→ **Dataset entries**
BEGIN
theorem theorem3p10:
  fixes n :: nat and d :: "real \<Rightarrow> real"
  assumes "n \<ge> 2"
    and "\<forall>x\<in>Ln n. d x \<in> Ln n"
    and "mv_le (d ((real n - 2) / (real n - 1))) ((real n - 2) / (real n - 1))"
  shows "odot_join_derivation (Ln n) d \<longleftrightarrow>
    ((\<forall>m\<in>{1..n - 1}. d (mv_pow ((real n - 2) / (real n - 1)) m) =
        mv_odot (mv_pow ((real n - 2) / (real n - 1)) (m - 1)) (d ((real n - 2) / (real n - 1))))
     \<and> mv_le (mv_odot ((real n - 2) / (real n - 1)) (d 1)) (d ((real n - 2) / (real n - 1))))"
proof -
  define v where "v = (real n - 2) / (real n - 1)"
  have pow: "mv_pow v m \<in> Ln n" for m
    using assms(1) by (simp add: v_def mv_pow_Ln_generator Ln_elem)
  have "0 \<le> v"
    using assms(1) by (simp add: v_def)
  then have v: "v \<in> Ln n" and one: "1 \<in> Ln n"
    using pow[of 1] pow[of 0] mv_pow_one by auto
  have Ln01: "Ln n \<subseteq> {0..1}"
    using Ln_bounds by auto
  have vanish: "mv_pow v (n - 1) = 0"
    using assms(1) by (simp add: v_def mv_pow_Ln_generator)
  show ?thesis
    unfolding v_def[symmetric] mv_le_iff
  proof (intro iffI conjI ballI)
    fix m assume "odot_join_derivation (Ln n) d" "m \<in> {1..n - 1}"
    then show "d (mv_pow v m) = mv_odot (mv_pow v (m - 1)) (d v)"
      using odot_join_derivation_pow[OF _ Ln01 assms(2) v pow, of "m - 1"] by simp
  next
    assume "odot_join_derivation (Ln n) d"
    then show "mv_odot v (d 1) \<le> d v"
      using odot_join_derivation_unit[OF _ Ln01 assms(2) v one] by blast
  next
    assume "(\<forall>m\<in>{1..n - 1}. d (mv_pow v m) = mv_odot (mv_pow v (m - 1)) (d v))
      \<and> mv_odot v (d 1) \<le> d v"
    then have formula: "\<forall>m\<in>{1..n - 1}. d (mv_pow v m) = mv_odot (mv_pow v (m - 1)) (d v)"
      and unit: "mv_odot v (d 1) \<le> d v"
      by auto
    have "d v \<le> v"
      using assms(3) by (simp add: v_def mv_le_iff)
    then have "d (mv_pow v (Suc m)) = mv_odot (mv_pow v m) (d v)" for m
      using pow_formula_extend[OF _ _ vanish _ _ formula] Ln_bounds[OF v] assms(1) by simp
    then show "odot_join_derivation (Ln n) d"
      using odot_join_derivationI_pow[OF Ln01 assms(2) _ v _ unit] Ln_eq_one_or_pow[OF assms(1)]
      by (simp add: v_def)
  qed
qed

end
END
→ **TASK DESCRIPTION**
Write down only the closing run of lines: the one containing "show ?thesis" and every line after it to the end of the entries, exactly.

→ **THE ANSWER**
  show ?thesis
    unfolding v_def[symmetric] mv_le_iff
  proof (intro iffI conjI ballI)
    fix m assume "odot_join_derivation (Ln n) d" "m \<in> {1..n - 1}"
    then show "d (mv_pow v m) = mv_odot (mv_pow v (m - 1)) (d v)"
      using odot_join_derivation_pow[OF _ Ln01 assms(2) v pow, of "m - 1"] by simp
  next
    assume "odot_join_derivation (Ln n) d"
    then show "mv_odot v (d 1) \<le> d v"
      using odot_join_derivation_unit[OF _ Ln01 assms(2) v one] by blast
  next
    assume "(\<forall>m\<in>{1..n - 1}. d (mv_pow v m) = mv_odot (mv_pow v (m - 1)) (d v))
      \<and> mv_odot v (d 1) \<le> d v"
    then have formula: "\<forall>m\<in>{1..n - 1}. d (mv_pow v m) = mv_odot (mv_pow v (m - 1)) (d v)"
      and unit: "mv_odot v (d 1) \<le> d v"
      by auto
    have "d v \<le> v"
      using assms(3) by (simp add: v_def mv_le_iff)
    then have "d (mv_pow v (Suc m)) = mv_odot (mv_pow v m) (d v)" for m
      using pow_formula_extend[OF _ _ vanish _ _ formula] Ln_bounds[OF v] assms(1) by simp
    then show "odot_join_derivation (Ln n) d"
      using odot_join_derivationI_pow[OF Ln01 assms(2) _ v _ unit] Ln_eq_one_or_pow[OF assms(1)]
      by (simp add: v_def)
  qed
qed

end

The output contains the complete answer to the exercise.